Выбрать главу

Анисья Яковлевна выбежала из дому и тут же вернулась с большим куском ветчины, завернутым в газету.

Волдырин равнодушно принял сверток: «Килограмма три будет. Эдак я, пожалуй, наберу в этом селе пудика два-три».

Когда маленькая, толстенькая фигура вербовщика исчезла, Варя вышла из комнатушки. Она была возмущена поведением матери, ее унижением перед этим человеком.

Анисья Яковлевна обрушилась на дочь:

— Почему не посидела за столом?

— Если бы вышла, так выгнала бы в шею этого хама и взяточника, — отрезала девушка и, набросив на плечи суконную шаль с синими каймами, выбежала из дома.

— Куда ты? — крикнула Анисья Яковлевна, открыв дверь в сенцы.

— На собрание! — ответила Варя.

ГЛАВА СЕДЬМАЯ

Ольге не спалось в эту ночь — мешали шумы и гулы на Оке. Она долго читала, а когда устала читать, стала писать Павлову.

«Борис Александрович, я удивлена, что вы, не получив от меня ответа на два своих письма, все же прислали третье и в нем с еще большей настойчивостью выражаете свои сердечные чувства ко мне, совершенно незнакомой вам девушке. Зря это вы делаете.

С приветом к вам Тарутина».

Сложила письмо треугольником и задумалась. «Зачем так? Надо бы потеплее. Впрочем, если любит, обрадуется и такому ответу». Она улыбнулась и быстро написала адрес. Потом встала, подошла к окну и отдернула занавеску.

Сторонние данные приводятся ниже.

theorem fourier_inversion_conv_tilde:
  "(\<integral>x. complex_of_real ((cmod (inv_fourier f x))\<^sup>2) * e2pi (- a * x) \<partial>lborel) = conv_tilde f a"
proof (rule LIMSEQ_unique[OF _ gaussian_damped_tendsto])
  define \<Phi> where "\<Phi> x = (cmod (inv_fourier f x))\<^sup>2" for x
  have \<Phi>0: "\<Phi> x \<ge> 0" for x unfolding \<Phi>_def by simp
  have \<Phi>c: "continuous_on UNIV \<Phi>"
    unfolding \<Phi>_def by (intro continuous_intros continuous_on_inv_fourier)
  show "(\<lambda>k. \<integral>x. complex_of_real ((cmod (inv_fourier f x))\<^sup>2) * e2pi (- a * x)
            * complex_of_real (gaussian (inverse (real (Suc k))) x) \<partial>lborel)
      \<longlonglongrightarrow> (\<integral>x. complex_of_real ((cmod (inv_fourier f x))\<^sup>2) * e2pi (- a * x) \<partial>lborel)"
    unfolding \<Phi>_def[symmetric]
  proof (rule integral_dominated_convergence[where w=\<Phi>])
    show "integrable lborel \<Phi>" using integrable_sq_inv_fourier unfolding \<Phi>_def .
    show "AE x in lborel. norm (complex_of_real (\<Phi> x) * e2pi (- a * x)
        * complex_of_real (gaussian (inverse (real (Suc k))) x)) \<le> \<Phi> x" for k
      using \<Phi>0 by (intro AE_I2) (simp add: norm_mult mult_left_le)
    show "AE x in lborel. (\<lambda>k. complex_of_real (\<Phi> x) * e2pi (- a * x)
        * complex_of_real (gaussian (inverse (real (Suc k))) x)) \<longlonglongrightarrow> complex_of_real (\<Phi> x) * e2pi (- a * x)"
    proof (rule AE_I2)
      fix x
      have "(\<lambda>k. complex_of_real (\<Phi> x) * e2pi (- a * x) * complex_of_real (gaussian (inverse (real (Suc k))) x))
          \<longlonglongrightarrow> complex_of_real (\<Phi> x) * e2pi (- a * x) * complex_of_real (exp (- (pi * (0 * x)\<^sup>2)))"
        by (intro tendsto_intros LIMSEQ_inverse_real_of_nat)
      then show "(\<lambda>k. complex_of_real (\<Phi> x) * e2pi (- a * x) * complex_of_real (gaussian (inverse (real (Suc k))) x))
          \<longlonglongrightarrow> complex_of_real (\<Phi> x) * e2pi (- a * x)"
        by simp
    qed
    show "(\<lambda>x. complex_of_real (\<Phi> x) * e2pi (- a * x)) \<in> borel_measurable lborel"
      by (intro borel_measurable_continuous_on_lborel continuous_intros \<Phi>c)
    show "(\<lambda>x. complex_of_real (\<Phi> x) * e2pi (- a * x) * complex_of_real (gaussian (inverse (real (Suc k))) x))
        \<in> borel_measurable lborel" for k
      by (intro borel_measurable_continuous_on_lborel continuous_intros \<Phi>c)
  qed
qed
(* Fix $\epsilon\in(0,1)$. For a permutation of $[n]$ ($n$ even) chosen uniformly among those with all cycle lengths even, and even $k$, the expected number $\mathbb{E}_e^{(n)}Y_k$ of elements in $k$-cycles satisfies, uniformly, \[ \mathbb{E}_e^{(n)}Y_k\to\left(1-\frac kn\right)^{-1/2} \] as $k,n\to\infty$ with $0<k/n<1-\epsilon$; that is, $\mathbb{E}_e^{(n)}Y_k=\left(1-\frac kn\right)^{-1/2}(1+O(n^{-1}))$ with the implied constant uniform over such $k,n$.
   Context: $\mathbb{E}_e^{(n)}$ denotes expectation under the uniform measure on permutations of $[n]$ with all cycle lengths even. $Y_k=kX_k$, where $X_k$ is the number of $k$-cycles. *)

theory Defs
  imports Complex_Main "HOL-Combinatorics.Permutations" "HOL-Combinatorics.Orbits"
begin

definition even_cycle_perms :: "nat \<Rightarrow> (nat \<Rightarrow> nat) set" where
  "even_cycle_perms n =
     {p. p permutes {1..n} \<and> (\<forall>x\<in>{1..n}. even (card (orbit p x)))}"

definition num_cycles :: "nat \<Rightarrow> nat \<Rightarrow> (nat \<Rightarrow> nat) \<Rightarrow> nat" where
  "num_cycles n k p = card {orbit p x | x. x \<in> {1..n} \<and> card (orbit p x) = k}"

definition Y :: "nat \<Rightarrow> nat \<Rightarrow> (nat \<Rightarrow> nat) \<Rightarrow> nat" where
  "Y n k p = k * num_cycles n k p"
(* Let $n$ be a natural number with $2^k\le n<2^{k+1}$, and let $G$ be the graph with $n$ vertices obtained as the induced subgraph of the hypercube $Q_{k+1}$ on the vertices whose labels are the $(k+1)$-term binary representations of $0,1,\dots,n-1$. Then for any two vertices $u$ and $v$ of $G$, perfect state transfer from $u$ to $v$ is possible by at most two CQC-hoppings: either there is a spanning subgraph $H$ of $G$ and a time $t_0>0$ with $|\langle v|\exp(-it_0A(H))|u\rangle|=1$, or there exist a vertex $w$ of $G$, spanning subgraphs $H_1,H_2$ of $G$ and times $t_1,t_2>0$ with $|\langle w|\exp(-it_1A(H_1))|u\rangle|=1$ and $|\langle v|\exp(-it_2A(H_2))|w\rangle|=1$.
   Context: The hypercube $Q_m$ is the graph with vertex set $\{0,1\}^m$, two vertices being adjacent if and only if their labels have Hamming distance $1$. A spanning subgraph $H$ of $G$ has $V(H)=V(G)$ and $E(H)\subseteq E(G)$. For a graph $H$ with adjacency matrix $A(H)$, associate to each vertex $x$ the standard basis vector $|x\rangle\in\mathbb{C}^{|V(H)|}$; $H$ has perfect state transfer from $a$ to $b$ at time $t$ if $|\langle b|\exp(-itA(H))|a\rangle|=1$. A CQC-hopping from $a$ to $b$ on $G$ consists of switching off edges of $G$ to obtain a spanning subgraph $H$, performing perfect state transfer from $a$ to $b$ in $H$, and switching the removed edges back on. *)

theory Defs
  imports Complex_Main "Jordan_Normal_Form.Matrix"
begin

definition hypercube_adj :: "nat \<Rightarrow> nat \<Rightarrow> nat \<Rightarrow> bool" where
  "hypercube_adj k x y \<longleftrightarrow> card {i. i < Suc k \<and> bit x i \<noteq> bit y i} = 1"

definition G_adj :: "nat \<Rightarrow> nat \<Rightarrow> nat \<Rightarrow> nat \<Rightarrow> bool" where
  "G_adj n k x y \<longleftrightarrow> x < n \<and> y < n \<and> hypercube_adj k x y"

definition spanning_subgraph :: "nat \<Rightarrow> nat \<Rightarrow> (nat \<Rightarrow> nat \<Rightarrow> bool) \<Rightarrow> bool" where
  "spanning_subgraph n k E \<longleftrightarrow> (\<forall>x y. E x y \<longrightarrow> G_adj n k x y) \<and> (\<forall>x y. E x y \<longrightarrow> E y x)"

definition adj_matrix :: "nat \<Rightarrow> (nat \<Rightarrow> nat \<Rightarrow> bool) \<Rightarrow> complex mat" where
  "adj_matrix n E = mat n n (\<lambda>(i, j). if E i j then 1 else 0)"

definition mat_exp :: "complex mat \<Rightarrow> complex mat" where
  "mat_exp A = mat (dim_row A) (dim_col A) (\<lambda>(i, j). \<Sum>m. (A ^\<^sub>m m) $$ (i, j) / of_nat (fact m))"

definition pst :: "nat \<Rightarrow> (nat \<Rightarrow> nat \<Rightarrow> bool) \<Rightarrow> nat \<Rightarrow> nat \<Rightarrow> real \<Rightarrow> bool" where
  "pst n E a b t \<longleftrightarrow>
     cmod (mat_exp ((- (\<i> * complex_of_real t)) \<cdot>\<^sub>m adj_matrix n E) $$ (b, a)) = 1"

end

theory Submission
  imports Defs
begin

text \<open>
  The vertex set {0, ..., n-1} is closed under clearing bits, so for every vertex m the
  submasks of m span a subcube Q_d of G, d being the number of one bits of m.  The characters
  of (Z/2)^d are eigenvectors of A(Q_d), and expanding a basis vector in them shows that
  exp(-i (pi/2) A(Q_d)) sends every vertex to its antipode with phase (-i)^d.  With m = u this
  transfers u to 0, and with m = v it transfers 0 to v, so two hops through the vertex 0 always
  suffice.
\<close>

unbundle bit_operations_syntax

lemma mat_power_eigenvector_entries:
  fixes B :: "'a::comm_semiring_1 mat"
  assumes B: "B \<in> carrier_mat n n" and x: "x < n"
    and eig: "\<And>x. x < n \<Longrightarrow> (\<Sum>y<n. B $$ (x, y) * \<phi> y) = \<mu> * \<phi> x"
  shows "(\<Sum>y<n. (B ^\<^sub>m m) $$ (x, y) * \<phi> y) = \<mu> ^ m * \<phi> x"
  using x
proof (induction m arbitrary: x)
  case 0
  then show ?case
    using B by (simp add: if_distrib[where f = "\<lambda>c. c * _"] cong: if_cong)
next
  case (Suc m)
  have "(\<Sum>y<n. (B ^\<^sub>m Suc m) $$ (x, y) * \<phi> y)
      = (\<Sum>y<n. \<Sum>l<n. (B ^\<^sub>m m) $$ (x, l) * B $$ (l, y) * \<phi> y)"
    using B Suc.prems
    by (intro sum.cong) (simp_all add: scalar_prod_def atLeast0LessThan sum_distrib_right)
  also have "\<dots> = (\<Sum>l<n. (B ^\<^sub>m m) $$ (x, l) * (\<Sum>y<n. B $$ (l, y) * \<phi> y))"
    by (subst sum.swap) (simp add: sum_distrib_left mult.assoc)
  also have "\<dots> = \<mu> * (\<Sum>l<n. (B ^\<^sub>m m) $$ (x, l) * \<phi> l)"
    using eig by (simp add: sum_distrib_left mult.left_commute)
  also have "\<dots> = \<mu> ^ Suc m * \<phi> x"
    using Suc by (simp add: mult.assoc)
  finally show ?case .
qed
(* Let $n,i,j$ be positive integers with $i+2\le j\le n-1$, and let $\lambda=i\,n\,(j-1)\,j$ and $\mu=(j-1)\,j\,n\,i$ (words of length $4$). For $\pi\in X_n(\lambda)$ with $\lambda$-decomposition $(\alpha,\lambda,\gamma,\delta)$, the permutation $\gamma'\mu\alpha'\delta$ lies in $X_n(\mu)$ and its $\mu$-decomposition is $(\gamma',\mu,\alpha',\delta)$. The map $X_n(\lambda)\to X_n(\mu)$ given by $(\alpha,\lambda,\gamma,\delta)\mapsto(\gamma',\mu,\alpha',\delta)$ (i.e. $\pi\mapsto\gamma'\mu\alpha'\delta$) is a bijection, whose inverse is the map sending $\sigma\in X_n(\mu)$ with $\mu$-decomposition $(\alpha,\mu,\gamma,\delta)$ to $(\gamma',\lambda,\alpha',\delta)$, i.e. to $\gamma'\lambda\alpha'\delta$.
   Context: For a word $w=w_1\cdots w_k$ of pairwise distinct positive integers, an ascent is an index $t$ with $w_t<w_{t+1}$, a descent one with $w_t>w_{t+1}$, and the height is $h(w)=(\#\text{ascents})-(\#\text{descents})$ ($h(w)=0$ if $k\le1$). The word is ballot if every prefix has nonnegative height. $\mathcal{B}$ denotes the set of all finite ballot words of pairwise distinct positive integers (including the empty word). A ballot permutation of $[n]$ is a permutation $\pi_1\cdots\pi_n$ in one-line notation that is a ballot word. For a word $w$, $w_{-1}$ is its last letter and $w'=w_k\cdots w_1$ its reversal. Juxtaposition denotes concatenation. For a nonempty $\omega\in\mathcal{B}$, $X_n(\omega)$ is the set of ballot permutations $\pi$ of $[n]$ that can be written as $\pi=\alpha\omega\gamma\delta$ (with $\alpha,\gamma,\delta$ possibly empty) such that $h(\alpha\omega\gamma)=h(\omega)$. For $\pi\in X_n(\omega)$, its $\omega$-decomposition is the (unique) 4-tuple $(\alpha,\omega,\gamma,\delta)$ with $\pi=\alpha\omega\gamma\delta$, $h(\alpha\omega\gamma)=h(\omega)$ and $\gamma'\omega_{-1}\in\mathcal{B}$, where $\gamma$ is of maximal length among all words with these properties. *)

theory Defs
  imports Main
begin
lemma exists_detour_near:
  fixes \<gamma> q :: "nat \<Rightarrow> real^'d" and \<omega> :: "(nat \<times> (real^'d)) set"
  assumes "theta_property \<theta> n \<omega>" "1 \<le> real n powr \<theta>" "s \<ge> 1"
  obtains \<gamma>' where "\<And>i. i < s \<or> i > t \<Longrightarrow> \<gamma>' i = \<gamma> i"
    and "\<And>i. i \<in> {s..t} \<Longrightarrow> (i, \<gamma>' i) \<in> \<omega> \<and> l1norm (\<gamma>' i - q i) \<le> real CARD('d) * real n powr \<theta>"
proof -
  define near where "near i y \<longleftrightarrow> (i, y) \<in> \<omega> \<and> l1norm (y - q i) \<le> real CARD('d) * real n powr \<theta>" for i y
  have pick: "near i (SOME y. near i y)" if "i \<ge> s" for i
  proof (rule someI_ex)
    have "i \<ge> 1" using that assms(3) by simp
    then show "\<exists>y. near i y" unfolding near_def by (rule theta_property_near[OF assms(1) _ assms(2)])
  qed
  define \<gamma>' where "\<gamma>' i = (if s \<le> i \<and> i \<le> t then SOME y. near i y else \<gamma> i)" for i
  show ?thesis
  proof (rule that[of \<gamma>'])
    show "\<gamma>' i = \<gamma> i" if "i < s \<or> i > t" for i using that by (auto simp: \<gamma>'_def)
    show "(i, \<gamma>' i) \<in> \<omega> \<and> l1norm (\<gamma>' i - q i) \<le> real CARD('d) * real n powr \<theta>"
      if "i \<in> {s..t}" for i
      using pick[of i] that unfolding near_def \<gamma>'_def by auto
  qed
qed

lemma Delta_eq_outside:
  assumes "\<And>i. i < s \<or> i > t \<Longrightarrow> \<gamma>' i = \<gamma> i" "i < s \<or> i > t + 1"
  shows "Delta \<gamma>' i = Delta \<gamma> i"
proof -
  have "\<gamma>' i = \<gamma> i" "\<gamma>' (i - 1) = \<gamma> (i - 1)"
    by (rule assms(1); use assms(2) in linarith)+
  then show ?thesis by (simp add: Delta_def path_pt_def)
qed

lemma passage_time_diff_local:
  assumes "\<And>i. i < s \<or> i > t \<Longrightarrow> \<gamma>' i = \<gamma> i" "s \<ge> 1"
  shows "passage_time \<alpha> n \<gamma> - passage_time \<alpha> n \<gamma>' =
    (\<Sum>i\<in>{s..min (t + 1) n}. Delta \<gamma> i powr \<alpha> - Delta \<gamma>' i powr \<alpha>)"
proof -
  have "passage_time \<alpha> n \<gamma> - passage_time \<alpha> n \<gamma>' = (\<Sum>i=1..n. Delta \<gamma> i powr \<alpha> - Delta \<gamma>' i powr \<alpha>)"
    unfolding passage_time_def by (simp add: sum_subtractf)
  also have "\<dots> = (\<Sum>i\<in>{s..min (t + 1) n}. Delta \<gamma> i powr \<alpha> - Delta \<gamma>' i powr \<alpha>)"
  proof (rule sum.mono_neutral_right)
    show "\<forall>i\<in>{1..n} - {s..min (t + 1) n}. Delta \<gamma> i powr \<alpha> - Delta \<gamma>' i powr \<alpha> = 0"
      using Delta_eq_outside[OF assms(1)] by force
  qed (use assms(2) in auto)
  finally show ?thesis .
qed
text \<open>T = Hom(\<Lambda> \<times> \<Gamma>_t, C^*), with \<Gamma>_t the finite abelian group given by the type 't.
  Characters are extended by 0 outside \<Gamma>; T carries the subspace topology of the
  product (pointwise) topology, i.e. the usual topology of Hom(\<Gamma>, C^*).\<close>
definition chargrp :: "nat \<Rightarrow> ((nat \<Rightarrow> int) \<times> 't::ab_group_add \<Rightarrow> complex) set" where
  "chargrp n = {t. (\<forall>x. x \<notin> lat n \<times> UNIV \<longrightarrow> t x = 0)
                  \<and> (\<forall>x\<in>lat n \<times> UNIV. t x \<noteq> 0)
                  \<and> (\<forall>v\<in>lat n. \<forall>w\<in>lat n. \<forall>g h. t (\<lambda>i. v i + w i, g + h) = t (v, g) * t (w, h))}"

text \<open>H_A for a sub-list A of X, given by an index set I.\<close>
definition layer_H :: "nat \<Rightarrow> (nat \<Rightarrow> int) list \<Rightarrow> nat set \<Rightarrow> ((nat \<Rightarrow> int) \<times> 't::ab_group_add \<Rightarrow> complex) set" where
  "layer_H n xs I = {t \<in> chargrp n. \<forall>i\<in>I. t (xs ! i, 0) = 1}"

definition layers :: "nat \<Rightarrow> (nat \<Rightarrow> int) list \<Rightarrow> ((nat \<Rightarrow> int) \<times> 't::ab_group_add \<Rightarrow> complex) set set" where
  "layers n xs = \<Union>{components (layer_H n xs I) | I. I \<subseteq> {..<length xs}}"

definition int_span :: "(nat \<Rightarrow> int) list \<Rightarrow> (nat \<Rightarrow> int) set" where
  "int_span xs = {v. \<exists>c::nat \<Rightarrow> int. v = (\<lambda>i. \<Sum>j<length xs. c j * (xs ! j) i)}"

definition finite_index :: "nat \<Rightarrow> (nat \<Rightarrow> int) list \<Rightarrow> bool" where
  "finite_index n xs \<longleftrightarrow> (\<exists>R. finite R \<and> (\<forall>v\<in>lat n. \<exists>r\<in>R. (\<lambda>i. v i - r i) \<in> int_span xs))"

definition mobius :: "'a set \<Rightarrow> ('a \<Rightarrow> 'a \<Rightarrow> bool) \<Rightarrow> 'a \<Rightarrow> 'a \<Rightarrow> int" where
  "mobius P le = (THE f. \<forall>x y. f x y =
      (if x \<in> P \<and> y \<in> P then
         (if x = y then 1
          else if le x y then - (\<Sum>z\<in>{z\<in>P. le x z \<and> le z y \<and> z \<noteq> y}. f x z)
          else 0)
       else 0))"

end

theory Submission
  imports Defs
begin

text \<open>By Moebius inversion it suffices to show that for every layer \<open>Y \<subseteq> T_C\<close> the numbers
  \<open>F(L) = \<Sum>A\<in>\<D>(L). (-1)^|A|\<close>, summed over the layers L with \<open>Y \<subseteq> L \<subseteq> T_C\<close>, give the
  Kronecker delta of Y and \<open>T_C\<close>. The pairs (L, A) with \<open>A \<in> \<D>(L)\<close> correspond bijectively to
  the subsets A of \<open>J(Y) = {\<chi> \<in> X. \<chi> is trivial on Y}\<close>, via L = the component of \<open>H_A\<close>
  through Y. So the sum is \<open>\<Sum>A\<subseteq>J(Y). (-1)^|A|\<close>, which vanishes unless J(Y) is empty.
  Finally \<open>J(Y) = {}\<close> forces \<open>Y = T_C\<close>, because a nonzero \<open>\<chi>\<close> is not constant on any
  component of T: multiplying a character by \<open>z \<mapsto> exp(i\<pi>s z\<^sub>k/\<chi>\<^sub>k)\<close>, \<open>0 \<le> s \<le> 1\<close>,
  moves it continuously to one where \<open>\<chi>\<close> takes the opposite value.\<close>

definition mobius_step :: "'a set \<Rightarrow> ('a \<Rightarrow> 'a \<Rightarrow> bool) \<Rightarrow> ('a \<Rightarrow> 'a \<Rightarrow> int) \<Rightarrow> 'a \<Rightarrow> 'a \<Rightarrow> int" where
  "mobius_step P le f x y =
     (if x \<in> P \<and> y \<in> P then
        (if x = y then 1
         else if le x y then - (\<Sum>z\<in>{z\<in>P. le x z \<and> le z y \<and> z \<noteq> y}. f x z)
         else 0)
      else 0)"

lemma mobius_eq_The_mobius_step: "mobius P le = (THE f. \<forall>x y. f x y = mobius_step P le f x y)"
  unfolding mobius_def mobius_step_def by simp

lemma mobius_step_cong:
  assumes "\<And>z. x \<in> P \<Longrightarrow> y \<in> P \<Longrightarrow> le x y \<Longrightarrow> z \<in> P \<Longrightarrow> le x z \<Longrightarrow> le z y \<Longrightarrow> z \<noteq> y \<Longrightarrow> f x z = g x z"
  shows "mobius_step P le f x y = mobius_step P le g x y"
  unfolding mobius_step_def using assms by (auto intro!: sum.cong)

fun mobius_iter :: "'a set \<Rightarrow> ('a \<Rightarrow> 'a \<Rightarrow> bool) \<Rightarrow> nat \<Rightarrow> 'a \<Rightarrow> 'a \<Rightarrow> int" where
  "mobius_iter P le 0 = (\<lambda>x y. 0)"
| "mobius_iter P le (Suc k) = mobius_step P le (mobius_iter P le k)"

locale locally_finite_poset =
  fixes P :: "'a set" and le :: "'a \<Rightarrow> 'a \<Rightarrow> bool"
  assumes refl: "\<And>x. x \<in> P \<Longrightarrow> le x x"
    and antisym: "\<And>x y. x \<in> P \<Longrightarrow> y \<in> P \<Longrightarrow> le x y \<Longrightarrow> le y x \<Longrightarrow> x = y"
    and trans: "\<And>x y z. x \<in> P \<Longrightarrow> y \<in> P \<Longrightarrow> z \<in> P \<Longrightarrow> le x y \<Longrightarrow> le y z \<Longrightarrow> le x z"
    and finite_interval: "\<And>x y. x \<in> P \<Longrightarrow> y \<in> P \<Longrightarrow> finite {z\<in>P. le x z \<and> le z y}"
begin

definition interval :: "'a \<Rightarrow> 'a \<Rightarrow> 'a set" where
  "interval x y = {z\<in>P. le x z \<and> le z y}"

lemma card_interval_less:
  assumes "x \<in> P" "y \<in> P" "z \<in> P" "le x z" "le z y" "z \<noteq> y"
  shows "card (interval x z) < card (interval x y)"
proof (rule psubset_card_mono)
  show "finite (interval x y)"
    using finite_interval assms unfolding interval_def by blast
  have "interval x z \<subseteq> interval x y" "y \<in> interval x y" "y \<notin> interval x z"
    using assms refl trans antisym unfolding interval_def by blast+
  then show "interval x z \<subset> interval x y"
    by blast
qed

lemma mobius_step_fixpoint_unique:
  assumes "\<forall>x y. f x y = mobius_step P le f x y" and "\<forall>x y. g x y = mobius_step P le g x y"
  shows "f = g"
proof (intro ext)
  fix x y show "f x y = g x y"
  proof (induction "card (interval x y)" arbitrary: y rule: less_induct)
    case less
    have "mobius_step P le f x y = mobius_step P le g x y"
      by (rule mobius_step_cong) (use less card_interval_less in blast)
    then show ?case
      using assms by metis
  qed
qed

lemma mobius_iter_stable:
  "card (interval x y) < k \<Longrightarrow> card (interval x y) < m \<Longrightarrow> mobius_iter P le k x y = mobius_iter P le m x y"
proof (induction k arbitrary: m y)
  case 0
  then show ?case by simp
next
  case (Suc k)
  then obtain m' where m: "m = Suc m'"
    using not0_implies_Suc by fastforce
  have "mobius_step P le (mobius_iter P le k) x y = mobius_step P le (mobius_iter P le m') x y"
  proof (rule mobius_step_cong)
    fix z assume "x \<in> P" "y \<in> P" "le x y" "z \<in> P" "le x z" "le z y" "z \<noteq> y"
    then have "card (interval x z) < card (interval x y)"
      by (simp add: card_interval_less)
    then have "card (interval x z) < k" "card (interval x z) < m'"
      using Suc.prems m by linarith+
    then show "mobius_iter P le k x z = mobius_iter P le m' x z"
      by (rule Suc.IH)
  qed
  then show ?case
    using m by simp
qed

lemma mobius_step_fixpoint_exists: "\<exists>f. \<forall>x y. f x y = mobius_step P le f x y"
proof (intro exI allI)
  define f where "f x y = mobius_iter P le (Suc (card (interval x y))) x y" for x y
  fix x y
  have "f x y = mobius_step P le (mobius_iter P le (card (interval x y))) x y"
    by (simp add: f_def)
  also have "\<dots> = mobius_step P le f x y"
  proof (rule mobius_step_cong)
    fix z assume "x \<in> P" "y \<in> P" "le x y" "z \<in> P" "le x z" "le z y" "z \<noteq> y"
    then have "card (interval x z) < card (interval x y)"
      by (simp add: card_interval_less)
    then show "mobius_iter P le (card (interval x y)) x z = f x z"
      unfolding f_def by (intro mobius_iter_stable) auto
  qed
  finally show "f x y = mobius_step P le f x y" .
qed

lemma mobius_unfold: "mobius P le x y = mobius_step P le (mobius P le) x y"
proof -
  have "\<exists>!f. \<forall>x y. f x y = mobius_step P le f x y"
    using mobius_step_fixpoint_exists mobius_step_fixpoint_unique by blast
  from theI'[OF this] show ?thesis
    unfolding mobius_eq_The_mobius_step by blast
qed

lemma mobius_eqI:
  assumes "x \<in> P" "y \<in> P" "le x y"
    and delta: "\<And>y. y \<in> P \<Longrightarrow> le x y \<Longrightarrow> (\<Sum>z\<in>interval x y. F z) = (if y = x then 1 else 0)"
  shows "mobius P le x y = F y"
  using assms(2,3)
proof (induction "card (interval x y)" arbitrary: y rule: less_induct)
  case less
  show ?case
  proof (cases "y = x")
    case True
    have "interval x x = {x}"
      using \<open>x \<in> P\<close> refl antisym unfolding interval_def by blast
    then show ?thesis
      using True delta[of x] \<open>x \<in> P\<close> refl by (simp add: mobius_unfold mobius_step_def)
  next
    case False
    define Z where "Z = {z\<in>P. le x z \<and> le z y \<and> z \<noteq> y}"
    have IH: "mobius P le x z = F z" if "z \<in> Z" for z
      using that less card_interval_less \<open>x \<in> P\<close> unfolding Z_def by blast
    have "interval x y = insert y Z" "y \<notin> Z" "finite Z"
      using less.prems refl finite_interval[OF \<open>x \<in> P\<close> \<open>y \<in> P\<close>]
      unfolding interval_def Z_def by (auto elim: finite_subset[rotated])
    then have "F y + (\<Sum>z\<in>Z. F z) = 0"
      using delta[OF less.prems] False by simp
    moreover have "mobius P le x y = - (\<Sum>z\<in>Z. mobius P le x z)"
      using False less.prems \<open>x \<in> P\<close> by (simp add: mobius_unfold[of x y] mobius_step_def Z_def)
    ultimately show ?thesis
      using IH by simp
  qed
qed
theorem mainTheorem8:
  assumes "comm_group H" and "comm_group G"
    and "isotyped H G"
    and "free_fg H \<or> free_fg G"
  shows "H \<cong> G"
  using assms(4)
proof
  assume "free_fg G"
  then have "G \<cong> H" by (rule isotyped_free_fg_iso[OF assms(2,1) isotyped_sym[OF assms(3)]])
  then show ?thesis using comm_group.axioms(2)[OF assms(2)] group.iso_sym by blast
qed (rule isotyped_free_fg_iso[OF assms(1-3)])

end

Улица была залита мутновато-серебряным светом луны. От деревьев падали длинные тени.

Осторожно, стараясь не разбудить мать, Ольга оделась и тихонько выскользнула на улицу. Миновав сады, она вышла на берег Оки. Перед нею с шумом проносилось огромное поле битого льда. Казалось, вся равнина, до самого горизонта, плыла слева направо. Неподвижной оставалась только смутно белевшая вдали колокольня. Льдины неслись плашмя, стоя, шурша и грохоча. Они то искрились желтоватыми бликами луны, то становились прозрачно-голубыми, то темнели и пропадали в черных проемах воды. Ольга смотрела на Оку, на ее широко разлившиеся воды, на могучий ледоход, и на сердце у нее было радостно, светло.

«Как хорошо! — подумала с волнением девушка. — Неужели я люблю Бориса? Нет, не люблю. А если не люблю, то почему так часто думаю о нем?»

Она прошла дальше и остановилась над самым обрывом. У ног ее извивалась, бурлила, шуршала и шипела черпая вода. Вдруг поднялась волна, огромным валом прыгнула на берег и тут же, шумя и сверкая льдинками и пеной, отпрянула. Ольга испугалась, отбежала назад. Ей показалось, что волна насмешливо, злым оком заглянула ей в сердце, крикнула: «Берегись! Не верь тому, что ты молода и свободна! Любовь — рабство!» Ольга прислонилась спиной к толстой березе, полузакрыв глаза, стараясь не думать ни о свободе, ни о счастье в будущем. Ей хотелось слушать только торжественную музыку пробужденной природы, и в душе ее тоже пробуждалось что-то новое, влекущее, опьяняющее. «Да, Борис нравится мне. Кажется, и я немножко люблю его…»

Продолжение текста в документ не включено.